“The Woeful Tale of Sour Spring Hollow” [test run for GenCon 50, Aug 2017]

Last evening was the test run/practice session at my FLGS for GenCon 50 of “The Woeful Tale of Sour Spring Hollow” by Michael Curtis from The Chained Coffin box set published by Goodman Games for their Dungeon Crawl Classics RPG. 

My DCC RPG table is an open table. Meaning that anyone can come and play. I just love teaching new players! And of course, my FLGS loves me introducing new players to the game.

Last evening, Aug 12, 2017, I had 10 players come to the table. Yes, I know, the table is best at 5-6 players. But I can’t and won’t turn away new players. Five were brand-new to DCC RPG. I LOVE when new players come. I get so excited to teach them how much fun DCC RPG is! I’m a new Judge and player myself, so I look to learning from the group also.Image result for Sour Springs Hollow

In last evening’s episode,  40 PCs were rolled up. I could have given them pre-gen characters but really, what fun would that be for new players wanting to learn how to roll up new  PCs? I just love rolling up new PCs!

I was not going to let them bring all of them on the adventure. Twenty-eight PCs are plenty to try to funnel through in 2-4 hours. So, I allowed them to use three of their four characters. BUT…I did NOT let them choose which three to keep or which one to leave behind.

I had two ways to determine whom they would get to keep and which one they would have to kill. I gave them two choices. 1) Number their PCs from upper left to right and then lower left to right; OR 2) Number them how they would like to. They choose … randomly. I then threw a d4, it landed on “3” and whichever PC had the number “3” marked by it was DEAD!

My group loved this! I heard groans and I heard cheers. Some obviously lost what they thought was going to be a great PC and others were glad that their unlucky PC was out of the game before it started.

With 30 PCs now ready to go, we set off to join the wedding party.  The marriage of Ivy Newscombe and Tum Dankers with their families and invited guests proved to be a joyous occasion celebrating the union of two Shudfolk of the Shudder Mountains. The party afterward was even better than the wedding according to most of the attendees. It was a foot stomping, toe tapping wild wing-ding. Son Carver and Clim Wills worked hard at dishing out heaps of food and poured drink from jugs of good, strong stump whiskey. One swig from a particular odd colored jug, did the group in. It burned straight down and left a taste of ginger lingering in the mouth.
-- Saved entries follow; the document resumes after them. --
text \<open>On \<open>E\<close>, \<open>Ya\<close> and \<open>1\<^bsub>Fa\<^esub> ma(X) + 1\<^bsub>Fb\<^esub> mb(X)\<close> have the same conditional expectation given
  \<open>X\<close>, hence given the coarser \<open>Z\<close>; as \<open>mu(X) = ma(X)\<close>, the gap \<open>n(Z) - t(Z)\<close> is then a version
  of \<open>E[1\<^bsub>Fb\<^esub> (mb - ma)(X) | Z]\<close> on \<open>E\<close>.\<close>

lemma AE_abs_diff_le_cond_prob:
  fixes Ya :: "'a \<Rightarrow> real" and ma mb mu :: "'x \<Rightarrow> real" and n t q :: "'v \<Rightarrow> real"
  assumes partition: "Fa \<inter> Fb = {}" "Fa \<union> Fb = E"
    and \<phi>: "\<phi> \<in> measurable MX MV" and factor: "Z = (\<lambda>\<omega>. \<phi> (X \<omega>))"
    and meas: "ma \<in> borel_measurable MX" "mb \<in> borel_measurable MX" "mu \<in> borel_measurable MX"
      "n \<in> borel_measurable MV" "t \<in> borel_measurable MV" "q \<in> borel_measurable MV"
    and ma: "same_cond_exp_on M Fa X MX Ya (\<lambda>\<omega>. ma (X \<omega>))"
    and mb: "same_cond_exp_on M Fb X MX Ya (\<lambda>\<omega>. mb (X \<omega>))"
    and mu: "AE \<omega>\<in>E in M. mu (X \<omega>) = ma (X \<omega>)"
    and n: "same_cond_exp_on M E Z MV Ya (\<lambda>\<omega>. n (Z \<omega>))"
    and t: "same_cond_exp_on M E Z MV (\<lambda>\<omega>. mu (X \<omega>)) (\<lambda>\<omega>. t (Z \<omega>))"
    and q: "same_cond_exp_on M E Z MV (indicator Fb) (\<lambda>\<omega>. q (Z \<omega>))"
    and bound: "AE \<omega>\<in>Fb in M. \<bar>mb (X \<omega>) - ma (X \<omega>)\<bar> \<le> \<delta>"
  shows "AE \<omega>\<in>E in M. \<bar>n (Z \<omega>) - t (Z \<omega>)\<bar> \<le> \<delta> * q (Z \<omega>)"
proof -
  note n = n[unfolded factor] and t = t[unfolded factor] and q = q[unfolded factor]
  have E[measurable]: "E \<in> sets M" and [measurable]: "Fa \<in> sets M" "Fb \<in> sets M"
    and X[measurable]: "X \<in> measurable M MX"
    using n ma mb by (auto simp: same_cond_exp_on_def)
  note [measurable] = meas \<phi>
  define W where "W \<omega> = indicator Fa \<omega> * ma (X \<omega>) + indicator Fb \<omega> * mb (X \<omega>)" for \<omega>
  define D where "D \<omega> = indicator Fb \<omega> * (mb (X \<omega>) - ma (X \<omega>))" for \<omega>
  have [measurable]: "W \<in> borel_measurable M" "D \<in> borel_measurable M"
    unfolding W_def D_def by measurable
  have "same_cond_exp_on M E X MX (\<lambda>\<omega>. indicator Fa \<omega> * Ya \<omega> + indicator Fb \<omega> * Ya \<omega>) W"
    unfolding W_def using partition
    by (intro same_cond_exp_on_add[OF same_cond_exp_on_restrict[OF ma E] same_cond_exp_on_restrict[OF mb E]]) auto
  then have "same_cond_exp_on M E X MX Ya W"
    by (rule same_cond_exp_on_cong) (use partition in \<open>auto split: split_indicator\<close>)
  then have "same_cond_exp_on M E (\<lambda>\<omega>. \<phi> (X \<omega>)) MV Ya W"
    using \<phi> by (rule same_cond_exp_on_compose)
  then have nt: "same_cond_exp_on M E (\<lambda>\<omega>. \<phi> (X \<omega>)) MV
      (\<lambda>\<omega>. n (\<phi> (X \<omega>)) - t (\<phi> (X \<omega>))) (\<lambda>\<omega>. W \<omega> - mu (X \<omega>))"
    using same_cond_exp_on_diff[OF same_cond_exp_on_trans[OF same_cond_exp_on_sym[OF n]]
        same_cond_exp_on_sym[OF t]] by blast
  have "AE \<omega>\<in>E in M. W \<omega> - mu (X \<omega>) = D \<omega>"
    using mu by eventually_elim (use partition in \<open>auto simp: W_def D_def split: split_indicator\<close>)
  then have "same_cond_exp_on M E (\<lambda>\<omega>. \<phi> (X \<omega>)) MV (\<lambda>\<omega>. W \<omega> - mu (X \<omega>)) D"
    using nt by (intro same_cond_exp_on_AE_eq) (auto simp: same_cond_exp_on_def)
  then have D: "same_cond_exp_on M E (\<lambda>\<omega>. \<phi> (X \<omega>)) MV D (\<lambda>\<omega>. n (\<phi> (X \<omega>)) - t (\<phi> (X \<omega>)))"
    using nt same_cond_exp_on_sym same_cond_exp_on_trans by blast
  have q\<delta>: "same_cond_exp_on M E (\<lambda>\<omega>. \<phi> (X \<omega>)) MV
      (\<lambda>\<omega>. \<delta> * indicator Fb \<omega>) (\<lambda>\<omega>. \<delta> * q (\<phi> (X \<omega>)))"
    using q by (rule same_cond_exp_on_cmult)
  have "AE \<omega>\<in>E in M. \<bar>D \<omega>\<bar> \<le> \<delta> * indicator Fb \<omega>"
    using bound by eventually_elim (auto simp: D_def split: split_indicator)
  then have "AE \<omega>\<in>E in M. D \<omega> \<le> \<delta> * indicator Fb \<omega>" "AE \<omega>\<in>E in M. -1 * D \<omega> \<le> \<delta> * indicator Fb \<omega>"
    by (eventually_elim, auto)+
  then have "AE \<omega>\<in>E in M. n (\<phi> (X \<omega>)) - t (\<phi> (X \<omega>)) \<le> \<delta> * q (\<phi> (X \<omega>))"
      "AE \<omega>\<in>E in M. -1 * (n (\<phi> (X \<omega>)) - t (\<phi> (X \<omega>))) \<le> \<delta> * q (\<phi> (X \<omega>))"
    using AE_le_of_same_cond_exp[where g="\<lambda>v. n v - t v" and k="\<lambda>v. \<delta> * q v", OF _ _ D q\<delta>]
      AE_le_of_same_cond_exp[where g="\<lambda>v. -1 * (n v - t v)" and k="\<lambda>v. \<delta> * q v",
        OF _ _ same_cond_exp_on_cmult[OF D] q\<delta>]
    by auto
  then show ?thesis
    unfolding factor by eventually_elim auto
qed

lemma AE_cond_prob_partition:
  fixes p r :: "'b \<Rightarrow> real"
  assumes pm: "p \<in> borel_measurable MZ" and rm: "r \<in> borel_measurable MZ"
    and p: "same_cond_exp_on M E Z MZ (indicator F) (\<lambda>\<omega>. p (Z \<omega>))"
    and r: "same_cond_exp_on M E Z MZ (indicator G) (\<lambda>\<omega>. r (Z \<omega>))"
    and C: "F \<in> sets M" "G \<in> sets M" "F \<inter> G = {}" "E \<subseteq> F \<union> G"
  shows "AE \<omega>\<in>E in M. 0 \<le> p (Z \<omega>) \<and> 0 \<le> r (Z \<omega>) \<and> p (Z \<omega>) + r (Z \<omega>) = 1"
proof -
  have E: "E \<in> sets M" and Z: "Z \<in> measurable M MZ"
    using p by (auto simp: same_cond_exp_on_def)
  have sum: "same_cond_exp_on M E Z MZ (\<lambda>\<omega>. indicator F \<omega> + indicator G \<omega>) (\<lambda>\<omega>. p (Z \<omega>) + r (Z \<omega>))"
    using p r by (rule same_cond_exp_on_add)
  have "set_integrable M E (\<lambda>\<omega>. indicator F \<omega> + indicator G \<omega> :: real)"
    using sum by (simp add: same_cond_exp_on_def)
  then have "set_integrable M E (\<lambda>_. 1 :: real)"
    by (rule set_integrable_cong[THEN iffD1, rotated 3]) (use C in \<open>auto split: split_indicator\<close>)
  then have const: "same_cond_exp_on M E Z MZ (\<lambda>_. c) (\<lambda>_. c)" for c :: real
    using E Z set_integrable_mult_right[of c M E "\<lambda>_. 1"] by (intro same_cond_exp_on_AE_eq) auto
  have "AE \<omega>\<in>E in M. 0 \<le> p (Z \<omega>)" "AE \<omega>\<in>E in M. 0 \<le> r (Z \<omega>)"
    using AE_le_of_same_cond_exp[where g="\<lambda>_. 0", OF _ pm const[of 0] p]
      AE_le_of_same_cond_exp[where g="\<lambda>_. 0", OF _ rm const[of 0] r] by (auto split: split_indicator)
  moreover have "AE \<omega>\<in>E in M. p (Z \<omega>) + r (Z \<omega>) = 1"
  proof (rule AE_eq_of_same_cond_exp[where g="\<lambda>v. p v + r v" and k="\<lambda>_. 1"])
    show "same_cond_exp_on M E Z MZ (\<lambda>\<omega>. indicator F \<omega> + indicator G \<omega>) (\<lambda>\<omega>. p (Z \<omega>) + r (Z \<omega>))"
      by (fact sum)
    show "AE \<omega>\<in>E in M. indicator F \<omega> + indicator G \<omega> = (1::real)"
      using C by (auto split: split_indicator)
  qed (use pm rm const in auto)
  ultimately show ?thesis
    by eventually_elim auto
qed

lemma abs_integral_diff_le:
  fixes f g h :: "'a \<Rightarrow> real"
  assumes f: "integrable M f" and g: "integrable M g" and h: "integrable M h"
    and le: "AE \<omega> in M. \<bar>f \<omega> - g \<omega>\<bar> \<le> h \<omega>"
  shows "\<bar>integral\<^sup>L M f - integral\<^sup>L M g\<bar> \<le> integral\<^sup>L M h"
proof -
  have "\<bar>integral\<^sup>L M f - integral\<^sup>L M g\<bar> = \<bar>\<integral>\<omega>. f \<omega> - g \<omega> \<partial>M\<bar>"
    using f g by simp
  also have "\<dots> \<le> (\<integral>\<omega>. \<bar>f \<omega> - g \<omega>\<bar> \<partial>M)"
    by (rule integral_abs_bound)
  also have "\<dots> \<le> integral\<^sup>L M h"
    using f g h le by (intro integral_mono_AE) auto
  finally show ?thesis .
qed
This is where I left the players and their PCs. I told them that their PCs find themselves lying face down in dried up brown grass. Monica, Lucia, Harold, Spad, Sped, Spid, Facebook, Instagram, Twitter (named by an 11 yr old), Shackleton, Yarlesburg, Podrick, Clarence with Billy the goose, Chuck, Job, Raven, Telly, Karen, Stalord, Zantz, Demize, Eustice, Turk, Durk, Paul, Elija, Harry, Frances, Harriet and Truman raise their heads and looking around, they find that they are no longer at the wedding. Heads feeling a bit awash, and nothing but old run down log cabins, a dried up corn field and a dense forest surround them.

With the first surprise of the Hobbs phantoms, Job, Harold, Spid, Telly and Raven hqdefaultsuccumbed to the deadly grasps. All of the other PCs ran to the closest log cabins for cover.  Six PCs: Eustice, Elijah, Karen, Harry, Shackleton and Lucia enter what they thought was a safe haven and immediately succumb to death by the most horrific of acidic juices.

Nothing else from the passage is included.